EXERCISE OBJECTIVE | Each line of the records below that holds "then" should be returned.

Collected data |
=== Begin Enclosure ===
(* Let $A,s$ be positive integers, $(\alpha,\beta)\in(\mathbb{Z}/s\mathbb{Z})^2$, and let $\ell=\mathbb{Z}v_1+\mathbb{Z}v_2=[A,b,a]$ with $(a,b)\equiv(\alpha,\beta)\pmod s$ and $Aa-b^2>0$. Let $L$ be a $\mathbb{Z}$-lattice and $w\in R(A,L)$ with $L\prec_{A,(\alpha,\beta),s}w$. If $\ell$ is represented by $L$, then there exists a representation $\sigma:\ell\to L$ with $\sigma(v_1)=w$.
   Context: All $\mathbb{Z}$-lattices are free $\mathbb{Z}$-modules of finite rank with a positive definite, integral symmetric bilinear form $B$; $Q(v)=B(v,v)$. A representation $\sigma:\ell\to L$ is a linear map preserving $B$. $[A,b,a]$ denotes the binary lattice $\mathbb{Z}v_1+\mathbb{Z}v_2$ with $Q(v_1)=A$, $B(v_1,v_2)=b$, $Q(v_2)=a$. Let $V=\mathbb{Q}L$. $R(A,L)=\{v\in L:Q(v)=A\}$. For $v\in R(A,L)$, $R_v(L,\alpha,\beta,s)=\{u\in L/sL: Q(u)\equiv\alpha,\ B(u,v)\equiv\beta\pmod s\}$, $R_v(L,L,s)=\{\tau\in O(V):\tau(sL)\subseteq L,\ \tau(v)\in L\}$, and for $v,w\in R(A,L)$, $R_{v,w}(L,s)=\{\tau\in R_v(L,L,s):\tau(v)=w\}$. We write $L\prec_{A,(\alpha,\beta),s}w$ if for every $v\in R(A,L)$ and every coset $u\in R_v(L,\alpha,\beta,s)$ there is $\tau\in R_{v,w}(L,s)$ with $\tau(\tilde u)\in L$ for all $\tilde u\in L$ with $\tilde u\equiv u\pmod{sL}$. *)

theory Defs
  imports "HOL-Analysis.Analysis" "HOL-Number_Theory.Cong"
begin

text \<open>A Z-lattice L of rank CARD('n) is modelled as Z^n (vectors int^'n) with an
integer Gram matrix G (symmetric, positive definite).  V = QL is rat^'n with the
same form.\<close>

definition bil :: "'a::comm_semiring_1^'n^'n \<Rightarrow> 'a^'n \<Rightarrow> 'a^'n \<Rightarrow> 'a" where
  "bil G u v = (\<Sum>i\<in>UNIV. \<Sum>j\<in>UNIV. u$i * G$i$j * v$j)"

abbreviation qf :: "'a::comm_semiring_1^'n^'n \<Rightarrow> 'a^'n \<Rightarrow> 'a" where
  "qf G v \<equiv> bil G v v"

definition lattice_gram :: "int^'n^'n \<Rightarrow> bool" where
  "lattice_gram G \<longleftrightarrow> transpose G = G \<and> (\<forall>x. x \<noteq> 0 \<longrightarrow> qf G x > 0)"

definition vrat :: "int^'n \<Rightarrow> rat^'n" where
  "vrat x = (\<chi> i. of_int (x$i))"

definition Grat :: "int^'n^'n \<Rightarrow> rat^'n^'n" where
  "Grat G = (\<chi> i j. of_int (G$i$j))"

definition inL :: "rat^'n \<Rightarrow> bool" where
  "inL x \<longleftrightarrow> (\<forall>i. x$i \<in> \<int>)"

definition isometry_V :: "int^'n^'n \<Rightarrow> rat^'n^'n \<Rightarrow> bool" where
  "isometry_V G T \<longleftrightarrow> (\<forall>x y. bil (Grat G) (T *v x) (T *v y) = bil (Grat G) x y)"

definition R_LLs :: "int^'n^'n \<Rightarrow> int^'n \<Rightarrow> int \<Rightarrow> (rat^'n^'n) set" where
  "R_LLs G v s = {T. isometry_V G T \<and> (\<forall>x. inL (T *v vrat (s *s x))) \<and> inL (T *v vrat v)}"

definition R_vw :: "int^'n^'n \<Rightarrow> int^'n \<Rightarrow> int^'n \<Rightarrow> int \<Rightarrow> (rat^'n^'n) set" where
  "R_vw G v w s = {T \<in> R_LLs G v s. T *v vrat v = vrat w}"

text \<open>L \<prec>_{A,(alpha,beta),s} w; cosets u of L/sL are given by representatives u \<in> L
(the defining congruences depend only on the coset).\<close>
definition prec :: "int^'n^'n \<Rightarrow> int \<Rightarrow> int \<Rightarrow> int \<Rightarrow> int \<Rightarrow> int^'n \<Rightarrow> bool" where
  "prec G A \<alpha> \<beta> s w \<longleftrightarrow>
     (\<forall>v. qf G v = A \<longrightarrow>
       (\<forall>u. [qf G u = \<alpha>] (mod s) \<and> [bil G u v = \<beta>] (mod s) \<longrightarrow>
          (\<exists>T \<in> R_vw G v w s. \<forall>u'. (\<exists>x. u' = u + s *s x) \<longrightarrow> inL (T *v vrat u'))))"

definition represents_binary :: "int^'n^'n \<Rightarrow> int \<Rightarrow> int \<Rightarrow> int \<Rightarrow> int^'n \<Rightarrow> int^'n \<Rightarrow> bool" where
  "represents_binary G A b a x y \<longleftrightarrow> qf G x = A \<and> bil G x y = b \<and> qf G y = a"

end

theory Submission
  imports Defs
begin

text \<open>Apply \<open>L \<prec>\<^bsub>A,(\<alpha>,\<beta>),s\<^esub> w\<close> to a given representation \<open>v\<^sub>1 \<mapsto> x, v\<^sub>2 \<mapsto> y\<close>:
  the coset of \<open>y\<close> satisfies the congruences, so some isometry \<open>T\<close> of \<open>V\<close> sends \<open>x\<close> to \<open>w\<close>
  and \<open>y\<close> into \<open>L\<close>. Being an isometry, \<open>T\<close> keeps the Gram matrix, so \<open>v\<^sub>1 \<mapsto> w, v\<^sub>2 \<mapsto> T y\<close>
  is again a representation of \<open>[A,b,a]\<close>.\<close>

lemma bil_vrat: "bil (Grat G) (vrat u) (vrat v) = (of_int (bil G u v) :: rat)"
  by (simp add: bil_def vrat_def Grat_def of_int_sum of_int_mult)

lemma bil_commute:
  assumes "transpose G = G"
  shows "bil G u v = bil G v (u :: 'a::comm_semiring_1^'n)"
proof -
  have G_sym: "G$i$j = G$j$i" for i j
    using arg_cong[OF assms, of "\<lambda>M. M$i$j"] by (simp add: transpose_def)
  have "bil G u v = (\<Sum>j\<in>UNIV. \<Sum>i\<in>UNIV. u$i * G$i$j * v$j)"
    unfolding bil_def by (rule sum.swap)
  also have "\<dots> = bil G v u"
    unfolding bil_def by (intro sum.cong refl) (simp add: G_sym mult_ac)
  finally show ?thesis .
qed

lemma inL_iff_vrat: "inL z \<longleftrightarrow> (\<exists>y. z = vrat y)"
proof
  assume "inL z"
  then have "of_int \<lfloor>z$i\<rfloor> = z$i" for i
    unfolding inL_def by (metis Ints_cases of_int_floor_cancel)
  then have "z = vrat (\<chi> i. \<lfloor>z$i\<rfloor>)"
    by (simp add: vrat_def vec_eq_iff del: of_int_floor_cancel)
  then show "\<exists>y. z = vrat y" ..
next
  assume "\<exists>y. z = vrat y"
  then show "inL z"
    unfolding inL_def vrat_def by auto
qed

lemma isometry_V_bil_eq:
  assumes "isometry_V G T" "T *v vrat u = vrat u'" "T *v vrat v = vrat v'"
  shows "bil G u' v' = bil G u v"
proof -
  have "(of_int (bil G u' v') :: rat) = bil (Grat G) (T *v vrat u) (T *v vrat v)"
    using assms(2,3) by (simp add: bil_vrat)
  also have "\<dots> = of_int (bil G u v)"
    using assms(1) by (simp add: isometry_V_def bil_vrat)
  finally show ?thesis by simp
qed

lemma prec_transport:
  assumes "prec G A \<alpha> \<beta> s w" "qf G v = A"
    and "[qf G u = \<alpha>] (mod s)" "[bil G u v = \<beta>] (mod s)"
  shows "\<exists>u'. bil G w u' = bil G v u \<and> qf G u' = qf G u"
proof -
  obtain T where T: "T \<in> R_vw G v w s"
    and T_coset: "\<forall>u'. (\<exists>x. u' = u + s *s x) \<longrightarrow> inL (T *v vrat u')"
    using assms unfolding prec_def by blast
  have "inL (T *v vrat u)"
    using T_coset by (metis add.right_neutral vector_smult_rzero)
  then obtain u' where u': "T *v vrat u = vrat u'"
    by (auto simp: inL_iff_vrat)
  have iso: "isometry_V G T" and Tv: "T *v vrat v = vrat w"
    using T unfolding R_vw_def R_LLs_def by auto
  show ?thesis
    using isometry_V_bil_eq[OF iso Tv u'] isometry_V_bil_eq[OF iso u' u'] by blast
qed

theorem lemma2p3:
  fixes G :: "int^'n^'n" and A s \<alpha> \<beta> a b :: int and w :: "int^'n"
  assumes "lattice_gram G"
    and "A > 0" and "s > 0"
    and "[a = \<alpha>] (mod s)" and "[b = \<beta>] (mod s)"
    and "A * a - b^2 > 0"
    and "qf G w = A"
    and "prec G A \<alpha> \<beta> s w"
    and "\<exists>x y. represents_binary G A b a x y"
  shows "\<exists>y. represents_binary G A b a w y"
proof -
  obtain x y where xy: "qf G x = A" "bil G x y = b" "qf G y = a"
    using assms(9) unfolding represents_binary_def by blast
  have "[bil G y x = \<beta>] (mod s)"
    using xy(2) assms(1,5) bil_commute unfolding lattice_gram_def by metis
  moreover have "[qf G y = \<alpha>] (mod s)"
    using xy(3) assms(4) by simp
  ultimately obtain y' where "bil G w y' = b" "qf G y' = a"
    using prec_transport[OF assms(8) xy(1)] xy(2,3) by metis
  then show ?thesis
    unfolding represents_binary_def using assms(7) by blast
qed

end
=== End Enclosure ===
EXERCISE OUTPUT |
(* Let $A,s$ be positive integers, $(\alpha,\beta)\in(\mathbb{Z}/s\mathbb{Z})^2$, and let $\ell=\mathbb{Z}v_1+\mathbb{Z}v_2=[A,b,a]$ with $(a,b)\equiv(\alpha,\beta)\pmod s$ and $Aa-b^2>0$. Let $L$ be a $\mathbb{Z}$-lattice and $w\in R(A,L)$ with $L\prec_{A,(\alpha,\beta),s}w$. If $\ell$ is represented by $L$, then there exists a representation $\sigma:\ell\to L$ with $\sigma(v_1)=w$.
  then have "of_int \<lfloor>z$i\<rfloor> = z$i" for i
  then have "z = vrat (\<chi> i. \<lfloor>z$i\<rfloor>)"
  then show "\<exists>y. z = vrat y" ..
  then show "inL z"
  then obtain u' where u': "T *v vrat u = vrat u'"
  then show ?thesis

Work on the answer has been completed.